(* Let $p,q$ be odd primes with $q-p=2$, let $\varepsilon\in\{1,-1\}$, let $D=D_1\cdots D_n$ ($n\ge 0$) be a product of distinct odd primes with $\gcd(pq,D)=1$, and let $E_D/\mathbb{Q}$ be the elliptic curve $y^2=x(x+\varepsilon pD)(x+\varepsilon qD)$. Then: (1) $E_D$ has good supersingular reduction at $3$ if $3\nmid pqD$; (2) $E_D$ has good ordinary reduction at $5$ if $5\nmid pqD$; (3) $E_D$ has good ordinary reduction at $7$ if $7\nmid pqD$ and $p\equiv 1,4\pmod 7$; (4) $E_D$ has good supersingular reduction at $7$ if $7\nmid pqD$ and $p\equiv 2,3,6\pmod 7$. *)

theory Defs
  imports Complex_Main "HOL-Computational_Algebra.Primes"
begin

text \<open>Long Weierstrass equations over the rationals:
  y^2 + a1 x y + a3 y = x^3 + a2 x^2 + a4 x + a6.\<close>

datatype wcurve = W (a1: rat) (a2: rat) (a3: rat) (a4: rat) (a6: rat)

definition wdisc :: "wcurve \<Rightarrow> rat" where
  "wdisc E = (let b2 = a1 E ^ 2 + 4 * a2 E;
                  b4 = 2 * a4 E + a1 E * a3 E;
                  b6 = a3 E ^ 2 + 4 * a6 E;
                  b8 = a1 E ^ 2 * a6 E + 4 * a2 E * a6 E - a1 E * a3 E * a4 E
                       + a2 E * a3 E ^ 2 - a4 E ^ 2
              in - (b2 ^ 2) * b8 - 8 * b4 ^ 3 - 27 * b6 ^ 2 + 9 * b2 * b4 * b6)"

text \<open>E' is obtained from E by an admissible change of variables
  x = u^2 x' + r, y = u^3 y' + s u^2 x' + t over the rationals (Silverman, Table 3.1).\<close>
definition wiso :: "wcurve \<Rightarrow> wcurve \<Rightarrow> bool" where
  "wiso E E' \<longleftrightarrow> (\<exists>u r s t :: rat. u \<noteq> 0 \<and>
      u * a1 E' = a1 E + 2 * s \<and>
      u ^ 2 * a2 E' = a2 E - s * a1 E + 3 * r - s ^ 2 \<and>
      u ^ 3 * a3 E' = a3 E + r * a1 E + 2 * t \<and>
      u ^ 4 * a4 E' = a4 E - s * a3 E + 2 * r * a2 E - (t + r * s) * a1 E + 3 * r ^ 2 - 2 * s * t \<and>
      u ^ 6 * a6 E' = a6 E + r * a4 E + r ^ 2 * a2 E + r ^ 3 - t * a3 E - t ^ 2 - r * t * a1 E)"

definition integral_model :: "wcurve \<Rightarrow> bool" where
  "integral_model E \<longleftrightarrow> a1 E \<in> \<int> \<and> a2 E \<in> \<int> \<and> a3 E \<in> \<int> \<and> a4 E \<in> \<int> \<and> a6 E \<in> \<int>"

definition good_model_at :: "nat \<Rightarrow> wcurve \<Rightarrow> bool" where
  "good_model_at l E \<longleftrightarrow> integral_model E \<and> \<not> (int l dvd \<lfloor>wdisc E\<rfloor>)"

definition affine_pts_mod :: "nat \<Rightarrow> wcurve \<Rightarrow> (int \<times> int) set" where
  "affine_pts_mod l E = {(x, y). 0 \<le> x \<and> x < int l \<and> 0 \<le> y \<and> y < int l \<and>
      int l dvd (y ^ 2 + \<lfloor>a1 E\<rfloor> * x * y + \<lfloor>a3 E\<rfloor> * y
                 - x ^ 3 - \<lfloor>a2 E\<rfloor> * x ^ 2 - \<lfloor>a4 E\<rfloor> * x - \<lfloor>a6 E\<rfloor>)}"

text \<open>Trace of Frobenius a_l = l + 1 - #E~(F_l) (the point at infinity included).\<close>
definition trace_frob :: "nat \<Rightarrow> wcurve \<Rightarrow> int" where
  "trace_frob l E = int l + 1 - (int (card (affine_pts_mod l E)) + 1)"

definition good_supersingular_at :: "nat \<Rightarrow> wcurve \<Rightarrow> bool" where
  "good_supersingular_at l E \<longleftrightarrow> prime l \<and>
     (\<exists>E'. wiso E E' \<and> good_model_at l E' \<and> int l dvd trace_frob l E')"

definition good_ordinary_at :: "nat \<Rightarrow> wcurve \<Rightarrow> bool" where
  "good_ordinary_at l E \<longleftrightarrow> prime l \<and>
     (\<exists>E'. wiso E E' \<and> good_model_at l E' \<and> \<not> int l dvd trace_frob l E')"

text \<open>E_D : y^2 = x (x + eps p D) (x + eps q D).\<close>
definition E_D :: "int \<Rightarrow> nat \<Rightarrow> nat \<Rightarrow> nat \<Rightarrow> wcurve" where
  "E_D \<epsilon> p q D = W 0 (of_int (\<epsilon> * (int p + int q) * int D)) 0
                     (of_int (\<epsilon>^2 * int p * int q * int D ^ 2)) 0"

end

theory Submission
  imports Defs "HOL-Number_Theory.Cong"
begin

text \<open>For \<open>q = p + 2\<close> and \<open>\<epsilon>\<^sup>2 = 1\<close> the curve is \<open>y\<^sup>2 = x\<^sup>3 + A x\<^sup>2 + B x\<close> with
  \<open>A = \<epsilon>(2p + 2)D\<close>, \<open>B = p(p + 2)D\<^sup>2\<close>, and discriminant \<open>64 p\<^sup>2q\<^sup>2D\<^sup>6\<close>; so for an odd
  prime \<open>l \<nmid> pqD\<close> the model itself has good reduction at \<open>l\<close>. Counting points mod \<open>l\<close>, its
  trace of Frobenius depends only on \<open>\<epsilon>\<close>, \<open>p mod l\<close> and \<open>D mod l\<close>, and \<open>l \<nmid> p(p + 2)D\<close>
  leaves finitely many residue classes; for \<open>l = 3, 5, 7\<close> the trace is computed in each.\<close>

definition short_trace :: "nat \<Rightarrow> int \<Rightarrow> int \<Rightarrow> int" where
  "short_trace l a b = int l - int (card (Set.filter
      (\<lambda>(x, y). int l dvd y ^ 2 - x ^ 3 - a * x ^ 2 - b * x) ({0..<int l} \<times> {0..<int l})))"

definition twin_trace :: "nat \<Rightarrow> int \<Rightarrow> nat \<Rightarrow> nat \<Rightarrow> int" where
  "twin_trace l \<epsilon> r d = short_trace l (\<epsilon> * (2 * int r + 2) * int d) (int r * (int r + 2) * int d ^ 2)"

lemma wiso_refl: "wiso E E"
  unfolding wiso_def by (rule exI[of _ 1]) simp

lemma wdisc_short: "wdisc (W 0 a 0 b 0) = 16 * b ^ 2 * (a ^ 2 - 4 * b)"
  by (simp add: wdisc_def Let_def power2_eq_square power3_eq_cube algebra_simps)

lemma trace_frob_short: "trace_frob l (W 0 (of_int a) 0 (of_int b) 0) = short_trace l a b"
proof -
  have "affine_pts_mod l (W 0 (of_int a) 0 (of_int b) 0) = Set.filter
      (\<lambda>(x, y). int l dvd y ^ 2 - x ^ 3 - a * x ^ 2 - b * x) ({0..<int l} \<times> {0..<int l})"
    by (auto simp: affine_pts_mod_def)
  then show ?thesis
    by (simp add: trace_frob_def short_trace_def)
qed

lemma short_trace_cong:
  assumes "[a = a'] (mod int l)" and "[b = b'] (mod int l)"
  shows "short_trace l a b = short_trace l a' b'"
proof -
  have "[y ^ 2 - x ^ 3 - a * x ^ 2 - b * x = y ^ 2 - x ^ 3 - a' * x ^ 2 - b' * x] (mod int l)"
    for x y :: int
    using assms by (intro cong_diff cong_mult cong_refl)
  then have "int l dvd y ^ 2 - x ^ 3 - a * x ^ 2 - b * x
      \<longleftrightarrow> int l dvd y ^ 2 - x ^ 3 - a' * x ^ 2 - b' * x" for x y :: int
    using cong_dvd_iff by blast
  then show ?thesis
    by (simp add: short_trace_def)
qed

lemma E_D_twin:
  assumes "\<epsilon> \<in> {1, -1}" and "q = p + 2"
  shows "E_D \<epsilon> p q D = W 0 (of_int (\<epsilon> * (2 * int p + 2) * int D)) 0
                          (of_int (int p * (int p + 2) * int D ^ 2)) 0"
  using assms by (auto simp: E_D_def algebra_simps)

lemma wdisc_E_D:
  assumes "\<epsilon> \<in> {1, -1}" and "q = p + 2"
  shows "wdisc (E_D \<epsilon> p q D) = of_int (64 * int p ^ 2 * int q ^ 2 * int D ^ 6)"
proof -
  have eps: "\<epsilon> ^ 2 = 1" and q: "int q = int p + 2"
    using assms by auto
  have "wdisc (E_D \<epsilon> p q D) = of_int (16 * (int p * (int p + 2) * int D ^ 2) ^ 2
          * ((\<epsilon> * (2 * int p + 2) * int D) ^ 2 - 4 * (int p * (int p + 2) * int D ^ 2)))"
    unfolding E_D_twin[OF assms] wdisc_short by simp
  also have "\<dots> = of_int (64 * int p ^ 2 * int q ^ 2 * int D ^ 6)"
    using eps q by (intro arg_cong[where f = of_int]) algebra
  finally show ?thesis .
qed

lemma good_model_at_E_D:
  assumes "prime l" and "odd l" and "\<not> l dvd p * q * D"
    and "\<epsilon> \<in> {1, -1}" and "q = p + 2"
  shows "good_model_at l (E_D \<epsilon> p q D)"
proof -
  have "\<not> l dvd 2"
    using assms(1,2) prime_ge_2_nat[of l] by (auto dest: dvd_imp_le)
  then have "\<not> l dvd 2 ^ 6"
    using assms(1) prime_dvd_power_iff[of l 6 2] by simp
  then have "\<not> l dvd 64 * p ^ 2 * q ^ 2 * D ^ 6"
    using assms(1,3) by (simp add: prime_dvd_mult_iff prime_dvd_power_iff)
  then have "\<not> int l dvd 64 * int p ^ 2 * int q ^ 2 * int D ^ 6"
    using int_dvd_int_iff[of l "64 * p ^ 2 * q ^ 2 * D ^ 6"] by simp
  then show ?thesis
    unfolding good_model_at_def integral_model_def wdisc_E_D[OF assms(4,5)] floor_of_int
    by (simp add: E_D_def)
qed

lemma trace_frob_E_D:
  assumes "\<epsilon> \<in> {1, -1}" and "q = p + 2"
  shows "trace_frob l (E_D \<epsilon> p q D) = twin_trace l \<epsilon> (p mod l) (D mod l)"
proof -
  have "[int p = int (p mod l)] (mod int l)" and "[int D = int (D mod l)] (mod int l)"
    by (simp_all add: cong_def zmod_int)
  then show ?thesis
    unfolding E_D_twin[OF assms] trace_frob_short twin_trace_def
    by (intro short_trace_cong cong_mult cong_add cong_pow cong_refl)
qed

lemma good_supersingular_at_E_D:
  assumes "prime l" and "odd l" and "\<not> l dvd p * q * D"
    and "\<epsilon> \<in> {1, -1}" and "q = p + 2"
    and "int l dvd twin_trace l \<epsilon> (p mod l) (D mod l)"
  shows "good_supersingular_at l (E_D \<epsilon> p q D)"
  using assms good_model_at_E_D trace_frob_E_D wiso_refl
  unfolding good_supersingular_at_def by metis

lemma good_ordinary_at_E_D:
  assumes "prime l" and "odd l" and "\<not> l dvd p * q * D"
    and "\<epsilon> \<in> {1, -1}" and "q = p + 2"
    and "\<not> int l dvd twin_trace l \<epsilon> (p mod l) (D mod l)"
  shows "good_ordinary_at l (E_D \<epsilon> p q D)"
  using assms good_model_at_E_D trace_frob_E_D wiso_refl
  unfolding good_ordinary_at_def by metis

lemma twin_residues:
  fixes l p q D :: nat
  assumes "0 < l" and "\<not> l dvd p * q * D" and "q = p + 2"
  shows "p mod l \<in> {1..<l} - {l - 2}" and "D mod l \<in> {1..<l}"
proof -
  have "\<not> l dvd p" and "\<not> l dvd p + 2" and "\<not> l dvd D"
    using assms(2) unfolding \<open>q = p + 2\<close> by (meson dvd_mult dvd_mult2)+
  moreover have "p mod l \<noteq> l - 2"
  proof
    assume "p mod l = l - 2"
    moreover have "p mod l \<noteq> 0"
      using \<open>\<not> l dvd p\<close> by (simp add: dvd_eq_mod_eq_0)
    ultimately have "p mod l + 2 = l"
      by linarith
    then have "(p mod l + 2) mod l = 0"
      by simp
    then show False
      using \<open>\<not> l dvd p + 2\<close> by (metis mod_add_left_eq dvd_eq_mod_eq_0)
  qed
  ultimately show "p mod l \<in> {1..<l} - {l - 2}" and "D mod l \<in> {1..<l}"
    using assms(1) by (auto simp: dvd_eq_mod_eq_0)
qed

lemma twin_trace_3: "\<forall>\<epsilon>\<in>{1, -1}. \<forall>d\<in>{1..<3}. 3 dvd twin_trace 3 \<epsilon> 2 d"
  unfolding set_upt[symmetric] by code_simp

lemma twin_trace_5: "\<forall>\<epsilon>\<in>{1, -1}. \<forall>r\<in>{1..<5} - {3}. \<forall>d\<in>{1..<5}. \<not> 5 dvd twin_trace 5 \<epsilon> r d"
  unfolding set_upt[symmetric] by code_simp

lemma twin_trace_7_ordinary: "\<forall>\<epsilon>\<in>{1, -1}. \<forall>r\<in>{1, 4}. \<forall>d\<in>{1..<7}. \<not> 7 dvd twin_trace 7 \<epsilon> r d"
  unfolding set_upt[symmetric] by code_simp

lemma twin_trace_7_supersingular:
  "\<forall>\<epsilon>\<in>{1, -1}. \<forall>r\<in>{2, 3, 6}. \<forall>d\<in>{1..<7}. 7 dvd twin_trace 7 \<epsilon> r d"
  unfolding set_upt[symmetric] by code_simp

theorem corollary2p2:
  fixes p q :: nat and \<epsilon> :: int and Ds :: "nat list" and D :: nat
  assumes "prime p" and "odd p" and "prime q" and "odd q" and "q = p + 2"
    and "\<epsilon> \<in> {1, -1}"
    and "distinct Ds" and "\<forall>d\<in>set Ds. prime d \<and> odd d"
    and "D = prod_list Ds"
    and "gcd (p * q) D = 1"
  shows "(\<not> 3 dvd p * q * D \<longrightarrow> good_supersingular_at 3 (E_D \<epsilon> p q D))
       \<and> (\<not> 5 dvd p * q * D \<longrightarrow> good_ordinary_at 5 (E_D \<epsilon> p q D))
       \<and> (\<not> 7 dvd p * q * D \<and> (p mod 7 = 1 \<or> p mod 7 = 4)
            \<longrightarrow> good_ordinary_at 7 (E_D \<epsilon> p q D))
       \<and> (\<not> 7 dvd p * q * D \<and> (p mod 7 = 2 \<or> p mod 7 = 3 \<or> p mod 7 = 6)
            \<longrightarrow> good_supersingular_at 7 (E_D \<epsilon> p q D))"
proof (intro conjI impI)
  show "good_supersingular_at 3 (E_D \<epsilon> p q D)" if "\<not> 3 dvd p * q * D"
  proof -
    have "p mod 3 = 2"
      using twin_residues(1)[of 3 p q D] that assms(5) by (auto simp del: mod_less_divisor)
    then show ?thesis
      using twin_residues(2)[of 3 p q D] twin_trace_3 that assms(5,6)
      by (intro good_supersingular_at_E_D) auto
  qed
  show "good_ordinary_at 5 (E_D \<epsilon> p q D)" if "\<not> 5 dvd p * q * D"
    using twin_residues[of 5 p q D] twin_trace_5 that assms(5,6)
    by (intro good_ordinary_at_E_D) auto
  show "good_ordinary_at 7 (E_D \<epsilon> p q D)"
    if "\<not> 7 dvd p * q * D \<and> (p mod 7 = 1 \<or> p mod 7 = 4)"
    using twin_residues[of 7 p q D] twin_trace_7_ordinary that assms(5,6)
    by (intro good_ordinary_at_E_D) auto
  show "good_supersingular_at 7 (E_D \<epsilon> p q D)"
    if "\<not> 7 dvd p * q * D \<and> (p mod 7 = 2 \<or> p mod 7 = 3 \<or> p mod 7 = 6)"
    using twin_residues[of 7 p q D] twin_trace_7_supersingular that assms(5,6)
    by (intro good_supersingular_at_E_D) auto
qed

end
————
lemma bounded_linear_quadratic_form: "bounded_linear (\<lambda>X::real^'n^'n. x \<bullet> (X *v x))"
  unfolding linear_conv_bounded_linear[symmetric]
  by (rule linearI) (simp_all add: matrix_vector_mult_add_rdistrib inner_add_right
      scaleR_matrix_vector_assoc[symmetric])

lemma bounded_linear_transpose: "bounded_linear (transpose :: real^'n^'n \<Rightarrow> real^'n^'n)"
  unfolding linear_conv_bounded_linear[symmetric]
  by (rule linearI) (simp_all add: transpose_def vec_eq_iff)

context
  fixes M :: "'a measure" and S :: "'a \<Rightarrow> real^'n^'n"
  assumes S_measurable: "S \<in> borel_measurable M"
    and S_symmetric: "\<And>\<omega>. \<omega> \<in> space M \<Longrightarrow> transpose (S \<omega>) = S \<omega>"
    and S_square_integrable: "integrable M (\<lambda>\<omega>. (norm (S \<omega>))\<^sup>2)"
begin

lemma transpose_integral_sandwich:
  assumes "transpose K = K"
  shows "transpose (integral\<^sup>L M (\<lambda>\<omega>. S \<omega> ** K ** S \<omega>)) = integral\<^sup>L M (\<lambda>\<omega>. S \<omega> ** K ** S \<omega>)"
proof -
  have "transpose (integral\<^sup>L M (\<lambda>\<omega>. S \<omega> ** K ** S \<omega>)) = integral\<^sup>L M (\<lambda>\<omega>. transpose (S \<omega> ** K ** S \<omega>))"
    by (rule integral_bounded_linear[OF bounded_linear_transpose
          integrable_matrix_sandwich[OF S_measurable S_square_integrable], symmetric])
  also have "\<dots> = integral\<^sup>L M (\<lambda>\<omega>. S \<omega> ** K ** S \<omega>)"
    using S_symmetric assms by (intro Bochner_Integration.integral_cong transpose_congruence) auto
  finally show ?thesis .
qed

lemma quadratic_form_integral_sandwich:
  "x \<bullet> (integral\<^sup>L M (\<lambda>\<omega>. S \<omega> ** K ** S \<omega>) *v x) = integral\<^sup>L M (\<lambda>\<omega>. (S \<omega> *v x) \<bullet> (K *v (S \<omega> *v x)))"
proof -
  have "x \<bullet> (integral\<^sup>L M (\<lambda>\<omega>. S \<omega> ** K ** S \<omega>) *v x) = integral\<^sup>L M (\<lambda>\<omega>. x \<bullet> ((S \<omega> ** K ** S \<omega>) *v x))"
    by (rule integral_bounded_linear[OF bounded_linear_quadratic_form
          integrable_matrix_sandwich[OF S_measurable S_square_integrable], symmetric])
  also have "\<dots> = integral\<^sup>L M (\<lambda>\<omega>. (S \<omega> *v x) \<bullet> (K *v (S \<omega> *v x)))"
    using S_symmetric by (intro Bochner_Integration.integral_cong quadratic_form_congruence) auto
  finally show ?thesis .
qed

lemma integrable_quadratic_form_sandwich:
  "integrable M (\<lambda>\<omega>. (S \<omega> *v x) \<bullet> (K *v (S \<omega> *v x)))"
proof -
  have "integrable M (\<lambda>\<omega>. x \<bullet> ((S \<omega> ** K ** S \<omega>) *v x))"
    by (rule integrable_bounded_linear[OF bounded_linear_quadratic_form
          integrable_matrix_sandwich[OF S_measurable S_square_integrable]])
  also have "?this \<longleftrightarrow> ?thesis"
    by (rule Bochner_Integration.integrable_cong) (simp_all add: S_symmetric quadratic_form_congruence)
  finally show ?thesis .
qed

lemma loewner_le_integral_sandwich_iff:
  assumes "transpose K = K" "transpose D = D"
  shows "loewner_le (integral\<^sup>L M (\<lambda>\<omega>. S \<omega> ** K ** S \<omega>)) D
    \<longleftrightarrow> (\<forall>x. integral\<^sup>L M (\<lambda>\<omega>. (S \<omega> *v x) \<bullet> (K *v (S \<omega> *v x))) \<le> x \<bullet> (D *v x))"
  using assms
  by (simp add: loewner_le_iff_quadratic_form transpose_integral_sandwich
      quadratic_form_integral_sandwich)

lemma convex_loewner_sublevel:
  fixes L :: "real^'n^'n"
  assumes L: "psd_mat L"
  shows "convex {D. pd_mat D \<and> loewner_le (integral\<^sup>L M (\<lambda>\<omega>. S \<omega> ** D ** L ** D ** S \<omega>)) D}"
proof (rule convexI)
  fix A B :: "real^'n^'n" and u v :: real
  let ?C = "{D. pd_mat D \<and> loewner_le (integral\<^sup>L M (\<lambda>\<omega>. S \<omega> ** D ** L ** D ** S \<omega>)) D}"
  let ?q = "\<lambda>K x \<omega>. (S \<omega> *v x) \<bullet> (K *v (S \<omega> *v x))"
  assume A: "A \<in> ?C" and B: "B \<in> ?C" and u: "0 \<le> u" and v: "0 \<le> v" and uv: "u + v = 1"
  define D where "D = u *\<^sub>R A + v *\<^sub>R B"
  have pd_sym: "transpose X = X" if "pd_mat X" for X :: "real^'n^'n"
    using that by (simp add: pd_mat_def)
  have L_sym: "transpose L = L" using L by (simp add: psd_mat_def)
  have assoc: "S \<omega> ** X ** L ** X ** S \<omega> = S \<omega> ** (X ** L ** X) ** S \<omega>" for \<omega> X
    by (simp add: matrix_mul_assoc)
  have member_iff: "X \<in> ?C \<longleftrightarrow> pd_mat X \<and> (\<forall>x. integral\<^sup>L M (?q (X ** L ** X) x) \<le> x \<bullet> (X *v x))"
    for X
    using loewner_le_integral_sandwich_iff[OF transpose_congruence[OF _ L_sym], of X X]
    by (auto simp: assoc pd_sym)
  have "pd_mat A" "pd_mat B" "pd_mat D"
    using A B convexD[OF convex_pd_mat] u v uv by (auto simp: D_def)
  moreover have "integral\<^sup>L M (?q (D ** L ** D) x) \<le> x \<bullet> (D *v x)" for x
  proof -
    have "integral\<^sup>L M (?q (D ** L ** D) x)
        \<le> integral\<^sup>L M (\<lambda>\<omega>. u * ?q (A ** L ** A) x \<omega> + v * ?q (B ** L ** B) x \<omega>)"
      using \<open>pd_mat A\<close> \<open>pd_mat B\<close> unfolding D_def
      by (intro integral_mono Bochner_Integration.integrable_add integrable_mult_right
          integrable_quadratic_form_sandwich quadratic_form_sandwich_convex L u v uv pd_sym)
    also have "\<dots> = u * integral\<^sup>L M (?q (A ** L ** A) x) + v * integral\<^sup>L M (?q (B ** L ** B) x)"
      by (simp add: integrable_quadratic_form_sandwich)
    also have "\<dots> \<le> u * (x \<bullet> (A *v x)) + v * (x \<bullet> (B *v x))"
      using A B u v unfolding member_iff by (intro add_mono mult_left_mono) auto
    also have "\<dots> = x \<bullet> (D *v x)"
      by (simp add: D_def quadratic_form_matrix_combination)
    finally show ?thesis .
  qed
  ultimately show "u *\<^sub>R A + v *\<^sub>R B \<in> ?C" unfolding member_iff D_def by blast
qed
————
WHAT IS BEING ASKED -
Above are the records. Print exactly, and only, the lines from the line with "in - (b2 ^ 2)" to the line with "- (int (card", both inclusive.

SOLUTION TO THE EXERCISE -
              in - (b2 ^ 2) * b8 - 8 * b4 ^ 3 - 27 * b6 ^ 2 + 9 * b2 * b4 * b6)"

text \<open>E' is obtained from E by an admissible change of variables
  x = u^2 x' + r, y = u^3 y' + s u^2 x' + t over the rationals (Silverman, Table 3.1).\<close>
definition wiso :: "wcurve \<Rightarrow> wcurve \<Rightarrow> bool" where
  "wiso E E' \<longleftrightarrow> (\<exists>u r s t :: rat. u \<noteq> 0 \<and>
      u * a1 E' = a1 E + 2 * s \<and>
      u ^ 2 * a2 E' = a2 E - s * a1 E + 3 * r - s ^ 2 \<and>
      u ^ 3 * a3 E' = a3 E + r * a1 E + 2 * t \<and>
      u ^ 4 * a4 E' = a4 E - s * a3 E + 2 * r * a2 E - (t + r * s) * a1 E + 3 * r ^ 2 - 2 * s * t \<and>
      u ^ 6 * a6 E' = a6 E + r * a4 E + r ^ 2 * a2 E + r ^ 3 - t * a3 E - t ^ 2 - r * t * a1 E)"

definition integral_model :: "wcurve \<Rightarrow> bool" where
  "integral_model E \<longleftrightarrow> a1 E \<in> \<int> \<and> a2 E \<in> \<int> \<and> a3 E \<in> \<int> \<and> a4 E \<in> \<int> \<and> a6 E \<in> \<int>"

definition good_model_at :: "nat \<Rightarrow> wcurve \<Rightarrow> bool" where
  "good_model_at l E \<longleftrightarrow> integral_model E \<and> \<not> (int l dvd \<lfloor>wdisc E\<rfloor>)"

definition affine_pts_mod :: "nat \<Rightarrow> wcurve \<Rightarrow> (int \<times> int) set" where
  "affine_pts_mod l E = {(x, y). 0 \<le> x \<and> x < int l \<and> 0 \<le> y \<and> y < int l \<and>
      int l dvd (y ^ 2 + \<lfloor>a1 E\<rfloor> * x * y + \<lfloor>a3 E\<rfloor> * y
                 - x ^ 3 - \<lfloor>a2 E\<rfloor> * x ^ 2 - \<lfloor>a4 E\<rfloor> * x - \<lfloor>a6 E\<rfloor>)}"

text \<open>Trace of Frobenius a_l = l + 1 - #E~(F_l) (the point at infinity included).\<close>
definition trace_frob :: "nat \<Rightarrow> wcurve \<Rightarrow> int" where
  "trace_frob l E = int l + 1 - (int (card (affine_pts_mod l E)) + 1)"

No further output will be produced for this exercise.